***** Input material *****
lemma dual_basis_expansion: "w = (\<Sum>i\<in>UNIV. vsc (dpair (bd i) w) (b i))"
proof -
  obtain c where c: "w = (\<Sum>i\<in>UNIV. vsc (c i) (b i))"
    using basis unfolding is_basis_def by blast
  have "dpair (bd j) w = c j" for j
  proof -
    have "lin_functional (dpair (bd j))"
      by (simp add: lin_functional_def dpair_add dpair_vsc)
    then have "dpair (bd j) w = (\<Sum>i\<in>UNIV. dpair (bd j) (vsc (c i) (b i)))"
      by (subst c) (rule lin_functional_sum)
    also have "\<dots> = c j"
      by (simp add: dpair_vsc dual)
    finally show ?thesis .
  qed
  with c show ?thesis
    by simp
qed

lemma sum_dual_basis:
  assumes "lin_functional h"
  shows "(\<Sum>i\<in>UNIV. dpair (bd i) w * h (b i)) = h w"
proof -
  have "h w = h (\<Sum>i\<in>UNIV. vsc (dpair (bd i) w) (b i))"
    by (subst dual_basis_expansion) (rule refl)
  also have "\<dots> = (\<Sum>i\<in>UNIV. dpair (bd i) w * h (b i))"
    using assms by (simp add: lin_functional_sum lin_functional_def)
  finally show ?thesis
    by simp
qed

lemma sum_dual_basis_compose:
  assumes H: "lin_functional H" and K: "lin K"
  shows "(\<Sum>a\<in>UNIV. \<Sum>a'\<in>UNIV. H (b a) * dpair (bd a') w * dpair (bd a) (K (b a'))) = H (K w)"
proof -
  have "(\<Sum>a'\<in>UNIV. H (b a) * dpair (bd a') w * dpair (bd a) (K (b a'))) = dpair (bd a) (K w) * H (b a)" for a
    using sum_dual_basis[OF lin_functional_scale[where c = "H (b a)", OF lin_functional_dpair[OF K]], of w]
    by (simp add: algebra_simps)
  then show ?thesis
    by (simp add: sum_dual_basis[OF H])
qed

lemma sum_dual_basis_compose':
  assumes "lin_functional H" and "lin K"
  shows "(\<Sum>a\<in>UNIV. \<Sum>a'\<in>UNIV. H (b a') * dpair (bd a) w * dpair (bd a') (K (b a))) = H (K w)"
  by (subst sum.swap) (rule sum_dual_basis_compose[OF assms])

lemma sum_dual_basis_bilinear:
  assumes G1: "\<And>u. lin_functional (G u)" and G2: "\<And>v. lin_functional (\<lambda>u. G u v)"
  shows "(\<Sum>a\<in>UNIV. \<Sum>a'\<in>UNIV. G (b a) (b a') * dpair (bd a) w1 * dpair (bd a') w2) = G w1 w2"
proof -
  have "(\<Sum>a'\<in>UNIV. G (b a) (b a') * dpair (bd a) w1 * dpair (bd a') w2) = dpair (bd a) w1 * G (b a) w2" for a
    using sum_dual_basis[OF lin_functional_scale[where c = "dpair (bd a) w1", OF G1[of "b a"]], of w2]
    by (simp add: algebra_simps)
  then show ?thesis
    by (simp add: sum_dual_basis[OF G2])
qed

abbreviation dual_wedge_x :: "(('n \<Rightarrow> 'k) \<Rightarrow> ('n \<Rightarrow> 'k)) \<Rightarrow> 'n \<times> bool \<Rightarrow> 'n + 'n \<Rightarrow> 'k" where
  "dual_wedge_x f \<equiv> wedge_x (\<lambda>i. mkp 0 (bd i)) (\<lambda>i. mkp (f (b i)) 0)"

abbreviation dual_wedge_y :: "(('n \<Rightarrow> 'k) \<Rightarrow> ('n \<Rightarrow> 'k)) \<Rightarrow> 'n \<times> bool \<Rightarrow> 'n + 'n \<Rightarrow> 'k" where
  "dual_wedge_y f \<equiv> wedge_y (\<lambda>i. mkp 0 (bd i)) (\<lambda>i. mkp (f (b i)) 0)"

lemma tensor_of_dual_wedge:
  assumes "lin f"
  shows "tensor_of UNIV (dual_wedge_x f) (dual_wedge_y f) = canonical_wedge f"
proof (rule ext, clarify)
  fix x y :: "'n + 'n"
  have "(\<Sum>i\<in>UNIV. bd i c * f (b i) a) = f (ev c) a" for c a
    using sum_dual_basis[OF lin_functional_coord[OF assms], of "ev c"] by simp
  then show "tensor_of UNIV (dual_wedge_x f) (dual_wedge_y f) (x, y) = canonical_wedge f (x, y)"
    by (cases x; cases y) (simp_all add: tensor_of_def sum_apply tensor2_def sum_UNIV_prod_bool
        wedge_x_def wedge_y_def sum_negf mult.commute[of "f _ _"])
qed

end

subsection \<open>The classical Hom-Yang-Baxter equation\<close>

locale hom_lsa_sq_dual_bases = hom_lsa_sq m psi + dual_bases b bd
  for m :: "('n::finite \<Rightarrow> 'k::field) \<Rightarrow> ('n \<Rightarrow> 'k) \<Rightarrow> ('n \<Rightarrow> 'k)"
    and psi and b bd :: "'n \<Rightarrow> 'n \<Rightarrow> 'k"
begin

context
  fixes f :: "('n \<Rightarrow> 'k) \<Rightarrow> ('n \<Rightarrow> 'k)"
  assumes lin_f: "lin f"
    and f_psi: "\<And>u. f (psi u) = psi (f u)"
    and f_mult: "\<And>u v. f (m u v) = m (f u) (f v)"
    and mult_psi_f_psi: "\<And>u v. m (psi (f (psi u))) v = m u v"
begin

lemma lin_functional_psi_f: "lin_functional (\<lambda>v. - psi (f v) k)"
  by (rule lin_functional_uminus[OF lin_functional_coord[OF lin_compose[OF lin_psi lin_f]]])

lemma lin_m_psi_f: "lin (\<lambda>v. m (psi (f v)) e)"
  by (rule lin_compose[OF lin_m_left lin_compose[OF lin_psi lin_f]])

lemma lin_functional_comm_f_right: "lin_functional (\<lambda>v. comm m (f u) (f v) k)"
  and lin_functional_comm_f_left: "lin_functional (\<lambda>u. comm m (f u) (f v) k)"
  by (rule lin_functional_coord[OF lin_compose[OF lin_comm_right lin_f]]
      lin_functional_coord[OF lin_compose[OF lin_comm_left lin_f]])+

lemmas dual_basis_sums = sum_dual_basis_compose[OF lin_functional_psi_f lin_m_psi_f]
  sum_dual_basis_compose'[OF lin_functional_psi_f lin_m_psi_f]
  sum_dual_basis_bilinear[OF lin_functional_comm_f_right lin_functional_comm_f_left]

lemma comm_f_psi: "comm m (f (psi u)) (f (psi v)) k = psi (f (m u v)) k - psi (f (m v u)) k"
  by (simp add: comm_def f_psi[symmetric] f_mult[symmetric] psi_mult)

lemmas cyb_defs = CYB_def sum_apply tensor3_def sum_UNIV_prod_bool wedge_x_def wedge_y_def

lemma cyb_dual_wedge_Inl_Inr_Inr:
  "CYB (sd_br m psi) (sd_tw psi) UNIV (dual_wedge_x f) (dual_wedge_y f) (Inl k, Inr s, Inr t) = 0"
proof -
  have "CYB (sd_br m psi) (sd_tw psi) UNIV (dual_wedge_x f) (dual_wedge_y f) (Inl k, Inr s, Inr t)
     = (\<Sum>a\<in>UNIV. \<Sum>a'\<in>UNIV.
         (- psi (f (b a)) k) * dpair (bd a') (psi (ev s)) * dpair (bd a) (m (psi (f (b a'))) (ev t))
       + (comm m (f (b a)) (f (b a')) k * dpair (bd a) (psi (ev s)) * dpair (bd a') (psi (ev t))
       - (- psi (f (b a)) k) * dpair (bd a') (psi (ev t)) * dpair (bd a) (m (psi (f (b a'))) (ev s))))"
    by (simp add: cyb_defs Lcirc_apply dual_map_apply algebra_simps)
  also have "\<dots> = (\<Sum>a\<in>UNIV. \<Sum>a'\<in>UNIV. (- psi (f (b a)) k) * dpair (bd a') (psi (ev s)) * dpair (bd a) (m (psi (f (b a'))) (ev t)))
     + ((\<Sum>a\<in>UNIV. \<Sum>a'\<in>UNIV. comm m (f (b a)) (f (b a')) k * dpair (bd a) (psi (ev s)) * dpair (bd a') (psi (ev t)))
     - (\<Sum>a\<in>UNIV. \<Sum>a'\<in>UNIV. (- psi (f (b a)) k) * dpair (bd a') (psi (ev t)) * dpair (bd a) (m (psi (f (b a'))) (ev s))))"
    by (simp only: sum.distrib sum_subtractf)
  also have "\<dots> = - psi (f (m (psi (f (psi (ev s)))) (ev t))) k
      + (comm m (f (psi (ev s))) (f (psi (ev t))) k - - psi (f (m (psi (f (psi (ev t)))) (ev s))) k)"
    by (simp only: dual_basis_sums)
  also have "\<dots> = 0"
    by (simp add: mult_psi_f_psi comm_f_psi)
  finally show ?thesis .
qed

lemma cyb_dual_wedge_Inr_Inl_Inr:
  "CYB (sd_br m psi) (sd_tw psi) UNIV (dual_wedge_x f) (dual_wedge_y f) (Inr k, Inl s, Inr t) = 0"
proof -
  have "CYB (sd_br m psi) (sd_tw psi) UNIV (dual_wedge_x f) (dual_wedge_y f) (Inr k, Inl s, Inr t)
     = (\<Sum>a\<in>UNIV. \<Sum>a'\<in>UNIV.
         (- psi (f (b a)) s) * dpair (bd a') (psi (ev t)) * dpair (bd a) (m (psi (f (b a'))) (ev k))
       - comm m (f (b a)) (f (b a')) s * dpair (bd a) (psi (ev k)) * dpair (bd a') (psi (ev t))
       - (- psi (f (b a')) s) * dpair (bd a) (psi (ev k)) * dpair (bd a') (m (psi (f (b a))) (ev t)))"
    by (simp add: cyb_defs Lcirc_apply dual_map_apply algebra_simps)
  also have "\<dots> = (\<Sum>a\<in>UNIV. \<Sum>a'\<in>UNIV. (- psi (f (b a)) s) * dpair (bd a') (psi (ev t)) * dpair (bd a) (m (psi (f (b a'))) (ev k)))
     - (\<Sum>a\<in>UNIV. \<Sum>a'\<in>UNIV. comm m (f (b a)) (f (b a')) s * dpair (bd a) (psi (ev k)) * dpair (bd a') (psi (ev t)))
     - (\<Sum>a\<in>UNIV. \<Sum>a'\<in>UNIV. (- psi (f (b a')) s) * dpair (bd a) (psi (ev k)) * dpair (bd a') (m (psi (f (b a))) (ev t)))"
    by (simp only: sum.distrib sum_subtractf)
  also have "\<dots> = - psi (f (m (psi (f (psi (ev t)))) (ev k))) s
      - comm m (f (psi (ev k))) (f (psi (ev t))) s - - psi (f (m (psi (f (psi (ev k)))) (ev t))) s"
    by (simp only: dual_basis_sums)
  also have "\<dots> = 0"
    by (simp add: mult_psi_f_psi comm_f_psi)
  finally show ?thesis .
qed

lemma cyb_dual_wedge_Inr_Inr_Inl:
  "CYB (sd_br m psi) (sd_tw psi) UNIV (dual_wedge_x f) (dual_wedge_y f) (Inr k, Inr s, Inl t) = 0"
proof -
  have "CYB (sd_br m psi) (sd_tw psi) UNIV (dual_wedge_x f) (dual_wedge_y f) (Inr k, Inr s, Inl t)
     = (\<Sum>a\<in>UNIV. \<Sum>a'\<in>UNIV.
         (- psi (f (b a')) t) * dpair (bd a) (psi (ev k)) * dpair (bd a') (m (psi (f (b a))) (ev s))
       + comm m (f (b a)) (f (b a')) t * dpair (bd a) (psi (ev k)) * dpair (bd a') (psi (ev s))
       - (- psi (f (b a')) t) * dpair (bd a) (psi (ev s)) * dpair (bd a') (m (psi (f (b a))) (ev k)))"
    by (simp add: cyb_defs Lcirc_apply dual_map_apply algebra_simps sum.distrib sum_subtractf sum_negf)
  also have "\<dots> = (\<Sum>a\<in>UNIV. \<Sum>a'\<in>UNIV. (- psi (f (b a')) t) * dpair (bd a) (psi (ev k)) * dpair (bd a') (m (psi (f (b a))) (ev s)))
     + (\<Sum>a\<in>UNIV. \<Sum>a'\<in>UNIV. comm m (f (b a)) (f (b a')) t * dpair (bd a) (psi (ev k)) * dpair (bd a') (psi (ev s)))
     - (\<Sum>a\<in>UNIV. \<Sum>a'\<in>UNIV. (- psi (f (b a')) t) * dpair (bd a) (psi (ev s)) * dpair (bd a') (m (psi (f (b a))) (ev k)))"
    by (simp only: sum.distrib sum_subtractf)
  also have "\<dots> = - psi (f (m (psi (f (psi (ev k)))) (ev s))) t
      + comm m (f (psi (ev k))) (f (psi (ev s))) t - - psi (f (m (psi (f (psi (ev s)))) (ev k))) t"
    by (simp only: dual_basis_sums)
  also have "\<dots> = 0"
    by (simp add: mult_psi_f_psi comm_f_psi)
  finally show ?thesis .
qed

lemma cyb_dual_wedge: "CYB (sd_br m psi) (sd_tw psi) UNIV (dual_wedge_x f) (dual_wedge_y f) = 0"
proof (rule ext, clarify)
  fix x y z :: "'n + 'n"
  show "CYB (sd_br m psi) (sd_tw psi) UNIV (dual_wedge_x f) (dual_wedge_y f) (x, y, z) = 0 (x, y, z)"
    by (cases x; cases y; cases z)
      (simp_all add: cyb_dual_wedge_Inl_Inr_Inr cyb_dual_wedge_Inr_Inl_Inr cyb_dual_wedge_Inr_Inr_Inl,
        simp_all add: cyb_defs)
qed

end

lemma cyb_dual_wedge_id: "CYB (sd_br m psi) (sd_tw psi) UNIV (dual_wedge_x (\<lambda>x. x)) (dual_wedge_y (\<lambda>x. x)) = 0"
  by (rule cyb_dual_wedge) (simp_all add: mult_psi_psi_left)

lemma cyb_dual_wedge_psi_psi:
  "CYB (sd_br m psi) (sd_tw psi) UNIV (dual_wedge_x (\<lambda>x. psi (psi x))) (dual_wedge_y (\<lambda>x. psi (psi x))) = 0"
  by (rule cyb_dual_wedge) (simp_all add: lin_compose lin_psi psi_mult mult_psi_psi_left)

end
*****
Send back the lines of the records word for word, from the very first through the line containing "by (simp add: lin_functional_def".

• [Exercise answer]:
lemma dual_basis_expansion: "w = (\<Sum>i\<in>UNIV. vsc (dpair (bd i) w) (b i))"
proof -
  obtain c where c: "w = (\<Sum>i\<in>UNIV. vsc (c i) (b i))"
    using basis unfolding is_basis_def by blast
  have "dpair (bd j) w = c j" for j
  proof -
    have "lin_functional (dpair (bd j))"
      by (simp add: lin_functional_def dpair_add dpair_vsc)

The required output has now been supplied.